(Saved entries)
╭──
lemma strictly_ordered_separates_Sm:
  assumes so: "strictly_ordered n \<sigma>" and i: "i \<in> {1..n}"
    and X: "X \<in> \<sigma>" "card (X \<inter> {Zero, Sm i, One, Inf}) = 2"
  shows "\<exists>Y\<in>\<sigma>. Y \<inter> {Zero, Sm i, One, Inf} = {Zero, Sm i} \<or> Y \<inter> {Zero, Sm i, One, Inf} = {Sm i, One}"
proof -
  define F where "F = {Zero, Sm i, One, Inf}"
  have F: "F \<subseteq> Spts n" "finite F" "card F = 4"
    using i by (auto simp: F_def Spts_def)
  obtain A where A: "A \<subseteq> Spts n" "\<sigma> = {A, Spts n - A}"
    using so by (auto simp: strictly_ordered_def stable_2partition_def)
  obtain B where B: "B \<in> \<sigma>" "cyclic_interval n B"
    using so by (auto simp: strictly_ordered_def)
  have complement: "card ((Spts n - Y) \<inter> F) = 4 - card (Y \<inter> F)" for Y
  proof -
    have "(Spts n - Y) \<inter> F = F - Y \<inter> F"
      using F(1) by blast
    then show ?thesis
      using F by (simp add: card_Diff_subset)
  qed
  have half: "card (Y \<inter> F) = 2" if "Y \<in> \<sigma>" for Y
    using X that complement[of A] complement[of "Spts n - A"] A
    by (auto simp: F_def Diff_Diff_Int Int_absorb1)
  define Y where "Y = (if Sm i \<in> B then B else Spts n - B)"
  have Y: "Y \<in> \<sigma>" "Sm i \<in> Y"
    using A B F(1) by (auto simp: Y_def F_def)
  have "Zero \<in> B \<longleftrightarrow> One \<in> B \<Longrightarrow> Sm i \<in> B \<longleftrightarrow> Inf \<in> B \<Longrightarrow> Zero \<in> B \<longleftrightarrow> Sm i \<in> B"
    by (rule cyclic_interval_not_interleaved[OF B(2)]) (use F(1) i in \<open>auto simp: F_def\<close>)
  moreover have "x \<in> Y \<longleftrightarrow> (x \<in> B \<longleftrightarrow> Sm i \<in> B)" if "x \<in> F" for x
    using that F(1) by (auto simp: Y_def)
  then have "Zero \<in> Y \<longleftrightarrow> (Zero \<in> B \<longleftrightarrow> Sm i \<in> B)" "One \<in> Y \<longleftrightarrow> (One \<in> B \<longleftrightarrow> Sm i \<in> B)"
    "Inf \<in> Y \<longleftrightarrow> (Inf \<in> B \<longleftrightarrow> Sm i \<in> B)"
    by (simp_all add: F_def)
  ultimately have "Zero \<in> Y \<longleftrightarrow> One \<in> Y \<Longrightarrow> Sm i \<in> Y \<longleftrightarrow> Inf \<in> Y \<Longrightarrow> Zero \<in> Y \<longleftrightarrow> Sm i \<in> Y"
    using Y(2) by blast
  then have "Y \<inter> F = {Zero, Sm i} \<or> Y \<inter> F = {Sm i, One}"
    using half[OF Y(1)] Y(2)
    by (cases "Zero \<in> Y"; cases "One \<in> Y"; cases "Inf \<in> Y") (auto simp: F_def insert_commute)
  with Y(1) show ?thesis
    by (auto simp: F_def)
qed

lemma forget_value_separated:
  assumes "e \<in> E" "Y \<in> edge_parts (Spts n) E mark e"
    and "Y \<inter> {Zero, Sm i, One, Inf} = {Zero, Sm i} \<or> Y \<inter> {Zero, Sm i, One, Inf} = {Sm i, One}"
  shows "forget_value n V E mark z i \<in> {Some 0, Some 1}"
  using assms unfolding forget_value_def Let_def by auto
╰──
Each line that holds the string "mark" is to be copied from the entries above.

  assumes "e \<in> E" "Y \<in> edge_parts (Spts n) E mark e"
  shows "forget_value n V E mark z i \<in> {Some 0, Some 1}"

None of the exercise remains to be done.